The Senate on May 22 ignored Bush’s veto threat and added tens of billions of dollars for veterans and the unemployed to his Iraq war spending bill. A majority of Republicans broke ranks with Bush on a veto-proof 75-22 vote while adding more than $10 billion for various other domestic programs, including heating subsidies for the poor, wildfire fighting, road and bridge repair and health research.
Bush has enough GOP support in the House to sustain a veto. But the spectacle of 25 Senate Republicans abandoning the White House and voting to extend jobless benefits by 13 weeks and boost the GI Bill to provide veterans enough money to pay for a four-year education at a public institution made it plain that Bush’s influence is waning.
Bush voiced his opposition to a plan to expand the GI bill to guarantee full college scholarships for people with three years of military service. The administration opposes the expansion, saying that offering such a benefit after only three years of service would encourage members of the military to leave after only one enlistment.
The Democratic-led Senate has passed the measure, sponsored by Sen. Jim Webb, D-Va., on a 75-22 vote. Republicans have proposed a bill to increase benefits commensurate with a veteran’s length of service.

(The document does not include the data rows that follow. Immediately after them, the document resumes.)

(* Let $d_2,a_2,h,q>0$, $0<x_2\le L$, and let $\bar w$ be the unique positive solution of $d_2w''-a_2w'+h-qw=0$ on $(0,x_2)$ with $d_2w'(0)-a_2w(0)=0$ and $d_2w'(x_2)-a_2w(x_2)=0$. Then: (i) $0<\bar w_x<\frac{a_2}{d_2}\bar w$ in $(0,x_2)$; (ii) $\bar w$ is strictly increasing with respect to $h$; (iii) $\lim_{h\to0}\bar w=0$ and $\lim_{h\to+\infty}\bar w=+\infty$ uniformly on $[0,x_2]$; (iv) $\bar w$ is strictly decreasing with respect to $q$; (v) $\lim_{q\to0}\bar w=+\infty$ and $\lim_{q\to+\infty}\bar w=0$ uniformly on $[0,x_2]$.
   Context: Monotonicity with respect to a parameter means that, for each fixed $x$ in $(0,x_2)$, $\bar w(x)$ is strictly monotone as a function of that parameter with all other parameters fixed. *)

theory Defs
  imports "HOL-Analysis.Analysis"
begin

definition bvp_pos_sol :: "real \<Rightarrow> real \<Rightarrow> real \<Rightarrow> real \<Rightarrow> real \<Rightarrow> (real \<Rightarrow> real) \<Rightarrow> bool" where
  "bvp_pos_sol d2 a2 h q x2 w \<longleftrightarrow>
     (\<exists>w' w''.
        (\<forall>x\<in>{0..x2}. (w has_real_derivative w' x) (at x within {0..x2})) \<and>
        continuous_on {0..x2} w' \<and>
        (\<forall>x\<in>{0<..<x2}. (w' has_real_derivative w'' x) (at x)) \<and>
        (\<forall>x\<in>{0<..<x2}. d2 * w'' x - a2 * w' x + h - q * w x = 0) \<and>
        d2 * w' 0 - a2 * w 0 = 0 \<and>
        d2 * w' x2 - a2 * w x2 = 0 \<and>
        (\<forall>x\<in>{0..x2}. w x > 0))"

text \<open>The unique positive solution, as a function on [0,x2]; to make it a
  well-defined single function we use the convention that it is 0 outside [0,x2].\<close>
definition wbar :: "real \<Rightarrow> real \<Rightarrow> real \<Rightarrow> real \<Rightarrow> real \<Rightarrow> real \<Rightarrow> real" where
  "wbar d2 a2 h q x2 =
     (THE w. bvp_pos_sol d2 a2 h q x2 w \<and> (\<forall>x. x \<notin> {0..x2} \<longrightarrow> w x = 0))"

end

theory Submission
  imports Defs
begin

text \<open>
  The problem can be solved explicitly: with r2 < 0 < r1 the roots of d r^2 - a r - q = 0,
  w = h/q + A e^(r1 x) + B e^(r2 x), where A, B are chosen so that the flux z = d w' - a w,
  a positive combination of e^(r1 x) and e^(r2 x) minus a h/q, vanishes at 0 and x2; in
  particular w' > 0. It is the only solution: for the difference v of two solutions and
  z = d v' - a v, the energy e^(-a x/d) z v vanishes at both ends and has derivative
  e^(-a x/d) (q v^2 + z^2/d) >= 0, so v = 0.
  Since z' = q w - h is increasing, z < 0 inside, which is the upper bound in (i). It also
  makes e^(-a x/d) w decreasing, and the mean value theorem for z gives w(xi) = h/q somewhere,
  so h/q and w(x) are within a factor e^(a x2/d) of each other; this yields the limits in
  (iii) and (v). The monotonicity in h and q follows from the strong maximum principle for
  the Robin problem, obtained from the Neumann case through the substitution u = e^(-a x/d) v.
\<close>

definition twice_deriv_on :: "real \<Rightarrow> (real \<Rightarrow> real) \<Rightarrow> (real \<Rightarrow> real) \<Rightarrow> (real \<Rightarrow> real) \<Rightarrow> bool"
  where "twice_deriv_on X v v' v'' \<longleftrightarrow>
     (\<forall>x\<in>{0..X}. (v has_real_derivative v' x) (at x within {0..X})) \<and>
     continuous_on {0..X} v' \<and>
     (\<forall>x\<in>{0<..<X}. (v' has_real_derivative v'' x) (at x))"

lemma twice_deriv_onD:
  assumes "twice_deriv_on X v v' v''"
  shows "continuous_on {0..X} v" "continuous_on {0..X} v'"
    and "x \<in> {0<..<X} \<Longrightarrow> (v has_real_derivative v' x) (at x)"
    and "x \<in> {0<..<X} \<Longrightarrow> (v' has_real_derivative v'' x) (at x)"
proof -
  have dv: "\<And>x. x \<in> {0..X} \<Longrightarrow> (v has_real_derivative v' x) (at x within {0..X})"
    using assms by (simp add: twice_deriv_on_def)
  then show "continuous_on {0..X} v"
    using DERIV_continuous continuous_on_eq_continuous_within by blast
  show "x \<in> {0<..<X} \<Longrightarrow> (v has_real_derivative v' x) (at x)"
    using dv[of x] at_within_Icc_at[of 0 x X] by simp
qed (use assms in \<open>auto simp: twice_deriv_on_def\<close>)

lemma twice_deriv_on_diff:
  assumes "twice_deriv_on X v v' v''" "twice_deriv_on X w w' w''"
  shows "twice_deriv_on X (\<lambda>x. v x - w x) (\<lambda>x. v' x - w' x) (\<lambda>x. v'' x - w'' x)"
  using assms unfolding twice_deriv_on_def
  by (auto intro!: derivative_intros continuous_intros)

lemma twice_deriv_on_cong:
  assumes "twice_deriv_on X v v' v''" "\<And>x. x \<in> {0..X} \<Longrightarrow> v x = w x"
  shows "twice_deriv_on X w v' v''"
  using assms unfolding twice_deriv_on_def
  by (auto intro: has_field_derivative_transform_within[OF _ zero_less_one]
      has_field_derivative_transform_within_open[OF _ open_greaterThanLessThan])

lemma twice_deriv_on_exp_mult:
  assumes "twice_deriv_on X v v' v''"
  shows "twice_deriv_on X (\<lambda>x. exp (c * x) * v x) (\<lambda>x. exp (c * x) * (v' x + c * v x))
           (\<lambda>x. exp (c * x) * (v'' x + 2 * c * v' x + c\<^sup>2 * v x))"
  unfolding twice_deriv_on_def
proof (intro conjI ballI)
  show "((\<lambda>x. exp (c * x) * v x) has_real_derivative exp (c * x) * (v' x + c * v x))
          (at x within {0..X})" if "x \<in> {0..X}" for x
    using assms that unfolding twice_deriv_on_def
    by (auto intro!: derivative_eq_intros simp: algebra_simps)
  show "continuous_on {0..X} (\<lambda>x. exp (c * x) * (v' x + c * v x))"
    using twice_deriv_onD(1,2)[OF assms] by (intro continuous_intros)
  show "((\<lambda>x. exp (c * x) * (v' x + c * v x)) has_real_derivative
          exp (c * x) * (v'' x + 2 * c * v' x + c\<^sup>2 * v x)) (at x)" if "x \<in> {0<..<X}" for x
    using twice_deriv_onD(3,4)[OF assms that]
    by (auto intro!: derivative_eq_intros simp: algebra_simps power2_eq_square)
qed

lemma bvp_pos_sol_iff:
  "bvp_pos_sol d a h q X w \<longleftrightarrow>
     (\<exists>w' w''. twice_deriv_on X w w' w'' \<and>
        (\<forall>x\<in>{0<..<X}. d * w'' x - a * w' x + h - q * w x = 0) \<and>
        d * w' 0 - a * w 0 = 0 \<and> d * w' X - a * w X = 0 \<and> (\<forall>x\<in>{0..X}. 0 < w x))"
  unfolding bvp_pos_sol_def twice_deriv_on_def by blast

lemma deriv_eq_0_at_interior_min:
  fixes f :: "real \<Rightarrow> real"
  assumes "(f has_real_derivative l) (at m)" "m \<in> {a<..<b}" "\<And>y. y \<in> {a..b} \<Longrightarrow> f m \<le> f y"
  shows "l = 0"
proof (rule DERIV_local_min[OF assms(1)])
  show "0 < min (m - a) (b - m)" using assms(2) by simp
  show "\<forall>y. \<bar>m - y\<bar> < min (m - a) (b - m) \<longrightarrow> f m \<le> f y"
    using assms(3) by (auto simp: abs_if split: if_splits)
qed

lemma deriv_eq_0_if_deriv_nonneg_zero_ends:
  fixes F F' :: "real \<Rightarrow> real"
  assumes cont: "continuous_on {a..b} F"
    and dF: "\<And>x. x \<in> {a<..<b} \<Longrightarrow> (F has_real_derivative F' x) (at x)"
    and nonneg: "\<And>x. x \<in> {a<..<b} \<Longrightarrow> 0 \<le> F' x"
    and "F a = 0" "F b = 0" "y \<in> {a<..<b}"
  shows "F' y = 0"
proof -
  have mono: "F y1 \<le> F y2" if "a \<le> y1" "y1 \<le> y2" "y2 \<le> b" for y1 y2
  proof (rule DERIV_nonneg_imp_increasing_open[OF \<open>y1 \<le> y2\<close>])
    show "\<exists>l. (F has_real_derivative l) (at x) \<and> 0 \<le> l" if "y1 < x" "x < y2" for x
      using dF[of x] nonneg[of x] that \<open>a \<le> y1\<close> \<open>y2 \<le> b\<close> by auto
    show "continuous_on {y1..y2} F" using continuous_on_subset[OF cont] that by auto
  qed
  have "F x = 0" if "x \<in> {a..b}" for x
    using mono[of a x] mono[of x b] that \<open>F a = 0\<close> \<open>F b = 0\<close> by auto
  then have "\<forall>x. \<bar>y - x\<bar> < min (y - a) (b - y) \<longrightarrow> F y = F x"
    using \<open>y \<in> {a<..<b}\<close> by (auto simp: abs_if split: if_splits)
  moreover have "0 < min (y - a) (b - y)" using \<open>y \<in> {a<..<b}\<close> by simp
  ultimately show ?thesis
    using DERIV_local_const[OF dF[OF \<open>y \<in> {a<..<b}\<close>]] by blast
qed

lemma strict_max_at_critical_point_if_deriv2_neg:
  fixes u u' u'' :: "real \<Rightarrow> real"
  assumes "s \<le> m" "m \<le> t" "y \<in> {s..t}" "y \<noteq> m"
    and cont: "continuous_on {s..t} u" "continuous_on {s..t} u'"
    and du: "\<And>x. x \<in> {s<..<t} \<Longrightarrow> (u has_real_derivative u' x) (at x)"
    and du': "\<And>x. x \<in> {s<..<t} \<Longrightarrow> (u' has_real_derivative u'' x) (at x)"
    and neg: "\<And>x. x \<in> {s<..<t} \<Longrightarrow> u'' x < 0"
    and crit: "u' m = 0"
  shows "u y < u m"
proof -
  have u'_dec: "u' x2 < u' x1" if "s \<le> x1" "x1 < x2" "x2 \<le> t" for x1 x2
  proof (rule DERIV_neg_imp_decreasing_open[OF \<open>x1 < x2\<close>])
    show "\<exists>l. (u' has_real_derivative l) (at x) \<and> l < 0" if "x1 < x" "x < x2" for x
      using du'[of x] neg[of x] that \<open>s \<le> x1\<close> \<open>x2 \<le> t\<close> by auto
    show "continuous_on {x1..x2} u'"
      using continuous_on_subset[OF cont(2)] that by auto
  qed
  show ?thesis
  proof (cases "m < y")
    case True
    show ?thesis
    proof (rule DERIV_neg_imp_decreasing_open[OF True])
      show "\<exists>l. (u has_real_derivative l) (at x) \<and> l < 0" if "m < x" "x < y" for x
        using du[of x] u'_dec[of m x] crit that assms(1-3) by auto
      show "continuous_on {m..y} u"
        using continuous_on_subset[OF cont(1)] assms(1-3) by auto
    qed
  next
    case False
    then have "y < m" using \<open>y \<noteq> m\<close> by simp
    show ?thesis
    proof (rule DERIV_pos_imp_increasing_open[OF \<open>y < m\<close>])
      show "\<exists>l. (u has_real_derivative l) (at x) \<and> 0 < l" if "y < x" "x < m" for x
        using du[of x] u'_dec[of x m] crit that assms(1-3) by auto
      show "continuous_on {y..m} u"
        using continuous_on_subset[OF cont(1)] assms(1-3) by auto
    qed
  qed
qed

Bush also reprimanded Congress over an intelligence law that expired more than three months ago.
The law is intended to help the government pursue suspected terrorists by making it easier to eavesdrop on international phone calls and e-mails between foreigners abroad and Americans in the U.S. Efforts to renew the law have been tied up for months, primarily because of a dispute over how to resolve roughly 40 civil lawsuits filed against telecommunications companies that allegedly cooperated in the so-called warrantless wiretapping program.
On trade, Bush is pushing lawmakers to approve a free-trade deal with Colombia.
Bush has said the House’s decision to block a vote on a Colombia free trade agreement was a serious error and urged Congress to reconsider. Democrats have cited the continued violence against organized labor in Colombia and differences with the administration over how to extend a program that helps U.S. workers displaced by foreign competition.
The president argues that the U.S. must show its support for Colombian President Alvaro Uribe, who is working to transform his country from a near-failed state to a stable democracy with a growing economy and has been a partner with the United States in fighting drugs and terrorism.
“Unless this agreement is brought up for a vote, it will die,” the president said.